▶ EXERCISE PROMPT
Across the records below, how many lines contain the string "also"? Give the number by itself.

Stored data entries
********************
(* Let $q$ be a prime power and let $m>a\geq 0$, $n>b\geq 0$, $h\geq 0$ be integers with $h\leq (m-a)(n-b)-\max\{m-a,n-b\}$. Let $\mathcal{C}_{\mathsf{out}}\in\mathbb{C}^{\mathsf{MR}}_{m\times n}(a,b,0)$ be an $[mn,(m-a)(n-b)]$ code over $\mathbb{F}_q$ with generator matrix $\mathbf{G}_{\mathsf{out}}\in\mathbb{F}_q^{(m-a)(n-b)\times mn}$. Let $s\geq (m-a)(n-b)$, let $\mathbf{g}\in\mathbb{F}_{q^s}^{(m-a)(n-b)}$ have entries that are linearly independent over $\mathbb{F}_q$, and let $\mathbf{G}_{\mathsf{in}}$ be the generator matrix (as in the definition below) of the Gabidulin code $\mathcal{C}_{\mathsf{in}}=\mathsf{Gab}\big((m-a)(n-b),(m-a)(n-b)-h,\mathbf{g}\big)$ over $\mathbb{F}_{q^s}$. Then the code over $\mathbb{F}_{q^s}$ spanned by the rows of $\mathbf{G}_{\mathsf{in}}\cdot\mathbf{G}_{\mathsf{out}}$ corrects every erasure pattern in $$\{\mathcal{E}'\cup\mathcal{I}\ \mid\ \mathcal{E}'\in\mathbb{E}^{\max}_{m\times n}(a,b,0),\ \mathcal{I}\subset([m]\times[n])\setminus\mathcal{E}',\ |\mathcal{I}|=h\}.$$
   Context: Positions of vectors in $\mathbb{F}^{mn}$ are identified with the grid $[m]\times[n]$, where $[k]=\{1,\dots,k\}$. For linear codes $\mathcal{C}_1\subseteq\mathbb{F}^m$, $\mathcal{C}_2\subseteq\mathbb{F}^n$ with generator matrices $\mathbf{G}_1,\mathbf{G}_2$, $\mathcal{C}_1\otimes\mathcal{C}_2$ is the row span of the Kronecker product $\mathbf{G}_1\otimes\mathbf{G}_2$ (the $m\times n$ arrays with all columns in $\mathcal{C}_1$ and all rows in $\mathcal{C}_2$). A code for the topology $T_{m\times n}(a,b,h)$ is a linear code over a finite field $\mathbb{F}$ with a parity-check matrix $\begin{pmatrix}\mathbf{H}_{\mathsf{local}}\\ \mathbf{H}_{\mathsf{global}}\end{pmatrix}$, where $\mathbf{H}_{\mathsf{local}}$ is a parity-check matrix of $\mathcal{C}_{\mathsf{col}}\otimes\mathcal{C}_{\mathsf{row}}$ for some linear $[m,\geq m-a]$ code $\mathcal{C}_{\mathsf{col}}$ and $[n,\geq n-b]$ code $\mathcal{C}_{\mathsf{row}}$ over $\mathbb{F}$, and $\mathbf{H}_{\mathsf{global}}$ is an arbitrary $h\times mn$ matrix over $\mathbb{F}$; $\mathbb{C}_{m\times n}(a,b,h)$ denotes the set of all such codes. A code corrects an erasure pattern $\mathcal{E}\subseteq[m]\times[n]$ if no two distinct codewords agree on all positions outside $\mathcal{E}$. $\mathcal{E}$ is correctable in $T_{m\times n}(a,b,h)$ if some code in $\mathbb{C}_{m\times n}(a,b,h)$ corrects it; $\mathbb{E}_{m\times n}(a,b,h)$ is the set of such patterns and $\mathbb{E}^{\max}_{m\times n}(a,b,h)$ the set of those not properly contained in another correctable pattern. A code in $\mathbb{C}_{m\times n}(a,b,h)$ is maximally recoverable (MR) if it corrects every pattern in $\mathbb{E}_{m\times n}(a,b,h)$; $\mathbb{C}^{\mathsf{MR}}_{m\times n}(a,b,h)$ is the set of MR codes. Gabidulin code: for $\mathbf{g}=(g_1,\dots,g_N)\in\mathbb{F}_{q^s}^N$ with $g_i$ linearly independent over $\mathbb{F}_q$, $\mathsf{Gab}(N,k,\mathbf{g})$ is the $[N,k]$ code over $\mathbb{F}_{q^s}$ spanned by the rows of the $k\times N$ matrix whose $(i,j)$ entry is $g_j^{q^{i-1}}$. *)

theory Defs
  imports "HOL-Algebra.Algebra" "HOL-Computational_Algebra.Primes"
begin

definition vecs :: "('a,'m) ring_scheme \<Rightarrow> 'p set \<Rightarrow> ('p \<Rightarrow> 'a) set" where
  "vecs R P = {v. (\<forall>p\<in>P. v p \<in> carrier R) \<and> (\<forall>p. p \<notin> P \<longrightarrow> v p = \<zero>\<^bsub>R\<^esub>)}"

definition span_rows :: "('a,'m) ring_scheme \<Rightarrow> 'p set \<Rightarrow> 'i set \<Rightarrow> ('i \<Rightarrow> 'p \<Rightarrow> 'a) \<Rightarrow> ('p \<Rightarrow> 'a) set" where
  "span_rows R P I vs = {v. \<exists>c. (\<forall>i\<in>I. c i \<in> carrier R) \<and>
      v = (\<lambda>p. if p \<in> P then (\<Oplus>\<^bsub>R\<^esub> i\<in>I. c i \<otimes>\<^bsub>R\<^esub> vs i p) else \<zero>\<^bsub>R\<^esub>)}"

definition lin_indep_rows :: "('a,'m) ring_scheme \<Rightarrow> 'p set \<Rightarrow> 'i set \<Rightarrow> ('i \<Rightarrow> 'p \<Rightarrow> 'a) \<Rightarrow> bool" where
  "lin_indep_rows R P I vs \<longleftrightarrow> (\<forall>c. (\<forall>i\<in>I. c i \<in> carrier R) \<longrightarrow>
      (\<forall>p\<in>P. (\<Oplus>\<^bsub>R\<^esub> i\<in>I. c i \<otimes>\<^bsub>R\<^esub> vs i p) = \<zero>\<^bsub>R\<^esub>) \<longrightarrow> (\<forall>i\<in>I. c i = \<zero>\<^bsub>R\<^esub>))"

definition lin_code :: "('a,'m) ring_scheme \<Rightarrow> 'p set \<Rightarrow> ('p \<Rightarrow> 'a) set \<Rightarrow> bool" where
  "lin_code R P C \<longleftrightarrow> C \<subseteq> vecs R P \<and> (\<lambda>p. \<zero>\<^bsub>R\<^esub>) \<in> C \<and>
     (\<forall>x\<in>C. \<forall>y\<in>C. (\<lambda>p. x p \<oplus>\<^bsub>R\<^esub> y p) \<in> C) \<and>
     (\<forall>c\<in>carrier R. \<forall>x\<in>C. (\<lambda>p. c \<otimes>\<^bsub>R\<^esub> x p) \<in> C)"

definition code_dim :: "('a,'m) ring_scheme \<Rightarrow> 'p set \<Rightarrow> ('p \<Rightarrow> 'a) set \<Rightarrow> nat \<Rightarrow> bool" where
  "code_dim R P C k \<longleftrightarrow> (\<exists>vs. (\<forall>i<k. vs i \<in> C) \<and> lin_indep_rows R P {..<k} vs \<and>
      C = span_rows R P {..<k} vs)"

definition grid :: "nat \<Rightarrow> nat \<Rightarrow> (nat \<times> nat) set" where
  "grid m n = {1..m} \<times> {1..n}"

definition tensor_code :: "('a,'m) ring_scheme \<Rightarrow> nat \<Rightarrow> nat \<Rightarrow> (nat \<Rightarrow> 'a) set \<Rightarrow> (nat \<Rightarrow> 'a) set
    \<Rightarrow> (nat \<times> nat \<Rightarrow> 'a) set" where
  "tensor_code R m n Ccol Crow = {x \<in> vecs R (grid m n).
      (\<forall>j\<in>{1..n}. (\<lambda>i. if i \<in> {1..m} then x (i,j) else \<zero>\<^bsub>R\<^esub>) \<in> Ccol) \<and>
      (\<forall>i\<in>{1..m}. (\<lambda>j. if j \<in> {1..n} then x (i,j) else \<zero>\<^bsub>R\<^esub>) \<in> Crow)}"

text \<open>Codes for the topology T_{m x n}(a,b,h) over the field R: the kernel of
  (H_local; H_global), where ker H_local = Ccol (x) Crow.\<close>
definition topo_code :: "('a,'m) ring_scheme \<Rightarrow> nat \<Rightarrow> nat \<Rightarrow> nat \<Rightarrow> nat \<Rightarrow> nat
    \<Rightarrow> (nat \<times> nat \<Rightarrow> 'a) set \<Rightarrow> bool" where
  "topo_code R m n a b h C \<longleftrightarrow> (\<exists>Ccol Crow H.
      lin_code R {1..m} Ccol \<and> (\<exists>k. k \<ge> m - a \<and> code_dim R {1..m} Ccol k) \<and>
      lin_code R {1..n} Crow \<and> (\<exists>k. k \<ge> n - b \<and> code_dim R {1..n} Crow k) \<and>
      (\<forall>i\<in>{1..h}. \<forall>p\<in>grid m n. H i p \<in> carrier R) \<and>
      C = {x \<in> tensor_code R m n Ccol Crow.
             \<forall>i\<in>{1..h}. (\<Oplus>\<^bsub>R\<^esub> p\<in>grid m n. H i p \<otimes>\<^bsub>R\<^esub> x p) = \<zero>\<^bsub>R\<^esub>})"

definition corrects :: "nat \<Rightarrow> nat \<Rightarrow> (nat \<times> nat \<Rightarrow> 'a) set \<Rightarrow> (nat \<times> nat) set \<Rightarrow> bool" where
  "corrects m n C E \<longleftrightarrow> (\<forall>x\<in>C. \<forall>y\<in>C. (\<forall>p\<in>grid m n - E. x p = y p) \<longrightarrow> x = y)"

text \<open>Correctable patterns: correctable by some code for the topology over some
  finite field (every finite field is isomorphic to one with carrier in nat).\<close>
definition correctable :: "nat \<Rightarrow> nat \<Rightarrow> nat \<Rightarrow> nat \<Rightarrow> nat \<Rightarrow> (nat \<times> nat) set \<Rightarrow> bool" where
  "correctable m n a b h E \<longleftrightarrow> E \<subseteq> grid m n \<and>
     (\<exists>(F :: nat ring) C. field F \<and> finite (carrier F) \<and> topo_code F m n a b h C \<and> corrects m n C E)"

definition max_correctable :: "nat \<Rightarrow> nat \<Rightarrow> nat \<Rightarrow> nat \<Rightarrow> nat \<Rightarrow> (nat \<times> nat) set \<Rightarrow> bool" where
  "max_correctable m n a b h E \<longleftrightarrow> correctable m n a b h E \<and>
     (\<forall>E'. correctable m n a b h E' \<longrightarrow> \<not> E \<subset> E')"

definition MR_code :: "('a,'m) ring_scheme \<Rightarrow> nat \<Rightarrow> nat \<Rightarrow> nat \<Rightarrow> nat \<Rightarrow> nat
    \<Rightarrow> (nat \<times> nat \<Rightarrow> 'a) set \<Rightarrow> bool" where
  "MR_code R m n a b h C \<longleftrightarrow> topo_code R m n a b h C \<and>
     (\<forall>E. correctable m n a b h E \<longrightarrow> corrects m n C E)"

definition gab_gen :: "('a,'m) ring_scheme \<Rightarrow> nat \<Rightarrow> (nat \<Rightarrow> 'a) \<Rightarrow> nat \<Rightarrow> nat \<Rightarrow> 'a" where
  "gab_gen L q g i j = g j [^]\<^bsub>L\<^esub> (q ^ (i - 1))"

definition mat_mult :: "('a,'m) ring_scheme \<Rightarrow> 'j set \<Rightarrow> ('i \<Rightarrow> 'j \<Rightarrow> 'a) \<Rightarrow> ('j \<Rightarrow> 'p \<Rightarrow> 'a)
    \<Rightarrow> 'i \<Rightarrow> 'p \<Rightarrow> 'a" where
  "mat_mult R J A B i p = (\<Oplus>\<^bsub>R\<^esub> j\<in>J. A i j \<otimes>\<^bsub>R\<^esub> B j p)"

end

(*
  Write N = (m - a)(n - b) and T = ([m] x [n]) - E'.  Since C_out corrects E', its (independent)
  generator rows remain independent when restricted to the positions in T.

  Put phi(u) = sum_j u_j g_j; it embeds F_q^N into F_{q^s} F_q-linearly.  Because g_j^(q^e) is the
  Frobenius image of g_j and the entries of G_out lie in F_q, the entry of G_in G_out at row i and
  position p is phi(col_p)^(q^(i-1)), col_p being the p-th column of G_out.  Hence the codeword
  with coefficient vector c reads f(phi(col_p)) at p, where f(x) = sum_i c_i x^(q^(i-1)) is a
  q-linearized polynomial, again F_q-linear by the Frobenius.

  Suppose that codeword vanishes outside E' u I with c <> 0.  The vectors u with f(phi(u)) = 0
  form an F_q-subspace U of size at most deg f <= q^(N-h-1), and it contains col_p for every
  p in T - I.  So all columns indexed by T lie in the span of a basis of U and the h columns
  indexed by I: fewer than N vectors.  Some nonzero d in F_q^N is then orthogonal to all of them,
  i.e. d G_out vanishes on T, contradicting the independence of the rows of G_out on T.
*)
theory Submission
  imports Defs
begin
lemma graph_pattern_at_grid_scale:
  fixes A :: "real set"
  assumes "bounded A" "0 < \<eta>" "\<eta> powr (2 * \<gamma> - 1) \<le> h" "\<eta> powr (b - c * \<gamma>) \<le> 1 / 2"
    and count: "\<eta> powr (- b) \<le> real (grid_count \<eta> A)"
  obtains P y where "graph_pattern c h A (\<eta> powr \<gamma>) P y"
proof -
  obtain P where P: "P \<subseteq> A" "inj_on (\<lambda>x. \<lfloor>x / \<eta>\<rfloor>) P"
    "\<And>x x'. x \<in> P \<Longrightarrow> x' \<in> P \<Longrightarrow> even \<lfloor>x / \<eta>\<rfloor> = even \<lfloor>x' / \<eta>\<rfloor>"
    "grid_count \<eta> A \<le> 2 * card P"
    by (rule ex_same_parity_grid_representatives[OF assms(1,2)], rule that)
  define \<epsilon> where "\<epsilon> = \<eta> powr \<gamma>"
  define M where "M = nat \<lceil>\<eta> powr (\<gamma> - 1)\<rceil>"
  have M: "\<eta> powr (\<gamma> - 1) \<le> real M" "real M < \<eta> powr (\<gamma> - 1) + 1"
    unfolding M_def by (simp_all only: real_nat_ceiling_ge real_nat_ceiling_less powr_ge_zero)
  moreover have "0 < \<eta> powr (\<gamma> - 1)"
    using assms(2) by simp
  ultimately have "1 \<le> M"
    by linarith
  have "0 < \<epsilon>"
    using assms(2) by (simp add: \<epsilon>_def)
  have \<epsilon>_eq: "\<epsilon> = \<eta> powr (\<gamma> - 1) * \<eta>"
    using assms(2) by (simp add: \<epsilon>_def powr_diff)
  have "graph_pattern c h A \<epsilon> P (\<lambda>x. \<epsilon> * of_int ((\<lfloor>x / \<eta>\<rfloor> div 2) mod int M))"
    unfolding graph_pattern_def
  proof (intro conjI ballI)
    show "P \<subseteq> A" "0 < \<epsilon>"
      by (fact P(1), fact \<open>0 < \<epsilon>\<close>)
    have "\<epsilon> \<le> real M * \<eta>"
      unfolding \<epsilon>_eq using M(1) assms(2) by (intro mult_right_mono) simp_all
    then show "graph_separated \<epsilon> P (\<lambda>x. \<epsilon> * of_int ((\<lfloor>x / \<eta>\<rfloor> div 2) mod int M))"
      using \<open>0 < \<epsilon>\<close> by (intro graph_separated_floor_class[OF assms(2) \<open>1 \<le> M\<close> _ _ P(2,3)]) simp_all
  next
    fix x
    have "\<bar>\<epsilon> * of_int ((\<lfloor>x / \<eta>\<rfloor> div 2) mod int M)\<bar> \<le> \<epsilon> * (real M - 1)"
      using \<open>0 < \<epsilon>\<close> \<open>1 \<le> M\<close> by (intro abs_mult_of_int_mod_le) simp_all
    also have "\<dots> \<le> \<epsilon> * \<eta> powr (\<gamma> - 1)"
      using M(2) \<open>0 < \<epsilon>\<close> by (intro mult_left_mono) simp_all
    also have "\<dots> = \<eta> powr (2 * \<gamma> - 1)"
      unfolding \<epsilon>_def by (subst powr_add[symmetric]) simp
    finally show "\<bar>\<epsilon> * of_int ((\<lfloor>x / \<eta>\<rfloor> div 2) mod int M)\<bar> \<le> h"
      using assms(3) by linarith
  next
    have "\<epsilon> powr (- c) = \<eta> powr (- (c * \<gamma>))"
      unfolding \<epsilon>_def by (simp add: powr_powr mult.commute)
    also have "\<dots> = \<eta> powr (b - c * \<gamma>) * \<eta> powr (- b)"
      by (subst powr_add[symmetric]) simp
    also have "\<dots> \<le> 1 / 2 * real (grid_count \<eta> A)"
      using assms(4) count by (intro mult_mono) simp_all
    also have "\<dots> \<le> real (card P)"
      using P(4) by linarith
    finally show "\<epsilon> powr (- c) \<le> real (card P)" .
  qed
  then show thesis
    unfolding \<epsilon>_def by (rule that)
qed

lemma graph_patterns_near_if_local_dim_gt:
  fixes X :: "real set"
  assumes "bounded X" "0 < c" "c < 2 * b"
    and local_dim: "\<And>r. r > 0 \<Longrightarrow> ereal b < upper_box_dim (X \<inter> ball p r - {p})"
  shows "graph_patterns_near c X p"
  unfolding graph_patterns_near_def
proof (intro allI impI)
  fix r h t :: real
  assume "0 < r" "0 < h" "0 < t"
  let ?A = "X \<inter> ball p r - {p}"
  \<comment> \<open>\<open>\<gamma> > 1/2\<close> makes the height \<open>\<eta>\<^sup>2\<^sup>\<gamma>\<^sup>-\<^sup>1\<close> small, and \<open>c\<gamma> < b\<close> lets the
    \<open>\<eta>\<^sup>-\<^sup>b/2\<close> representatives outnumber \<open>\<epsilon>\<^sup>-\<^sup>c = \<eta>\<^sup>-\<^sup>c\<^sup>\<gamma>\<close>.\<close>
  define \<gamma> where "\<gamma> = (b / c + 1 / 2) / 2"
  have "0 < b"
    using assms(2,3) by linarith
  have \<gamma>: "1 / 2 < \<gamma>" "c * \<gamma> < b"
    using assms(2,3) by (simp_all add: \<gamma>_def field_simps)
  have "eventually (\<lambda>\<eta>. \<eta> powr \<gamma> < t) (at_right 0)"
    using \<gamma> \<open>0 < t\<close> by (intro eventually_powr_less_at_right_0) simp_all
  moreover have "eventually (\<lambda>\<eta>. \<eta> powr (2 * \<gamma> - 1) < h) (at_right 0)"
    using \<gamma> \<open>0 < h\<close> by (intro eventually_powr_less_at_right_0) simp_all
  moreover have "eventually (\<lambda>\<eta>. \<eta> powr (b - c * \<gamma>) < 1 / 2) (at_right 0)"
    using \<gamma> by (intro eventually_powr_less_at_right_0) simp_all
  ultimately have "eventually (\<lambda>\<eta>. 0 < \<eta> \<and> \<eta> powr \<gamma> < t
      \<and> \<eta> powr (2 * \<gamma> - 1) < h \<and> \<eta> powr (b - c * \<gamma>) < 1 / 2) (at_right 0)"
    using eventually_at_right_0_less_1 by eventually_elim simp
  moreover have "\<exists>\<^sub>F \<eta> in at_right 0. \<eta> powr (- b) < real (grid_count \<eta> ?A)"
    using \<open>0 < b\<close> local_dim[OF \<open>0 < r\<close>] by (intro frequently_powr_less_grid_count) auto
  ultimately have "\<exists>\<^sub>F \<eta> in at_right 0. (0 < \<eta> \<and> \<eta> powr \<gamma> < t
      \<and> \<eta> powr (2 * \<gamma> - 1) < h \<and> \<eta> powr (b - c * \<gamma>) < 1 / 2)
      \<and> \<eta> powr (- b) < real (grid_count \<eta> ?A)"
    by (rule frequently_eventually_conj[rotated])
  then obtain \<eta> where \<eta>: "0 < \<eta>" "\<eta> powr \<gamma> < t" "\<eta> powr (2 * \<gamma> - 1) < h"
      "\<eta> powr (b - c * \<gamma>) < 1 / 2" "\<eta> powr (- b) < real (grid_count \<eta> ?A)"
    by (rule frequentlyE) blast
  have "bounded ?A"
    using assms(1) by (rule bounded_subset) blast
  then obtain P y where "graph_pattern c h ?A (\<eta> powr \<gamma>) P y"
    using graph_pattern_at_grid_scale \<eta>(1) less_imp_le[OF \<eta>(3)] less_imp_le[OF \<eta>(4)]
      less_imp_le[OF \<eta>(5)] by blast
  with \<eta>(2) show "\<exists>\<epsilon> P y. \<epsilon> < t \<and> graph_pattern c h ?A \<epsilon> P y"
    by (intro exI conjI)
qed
********************
▶ ANSWER TO THIS PROBLEM
5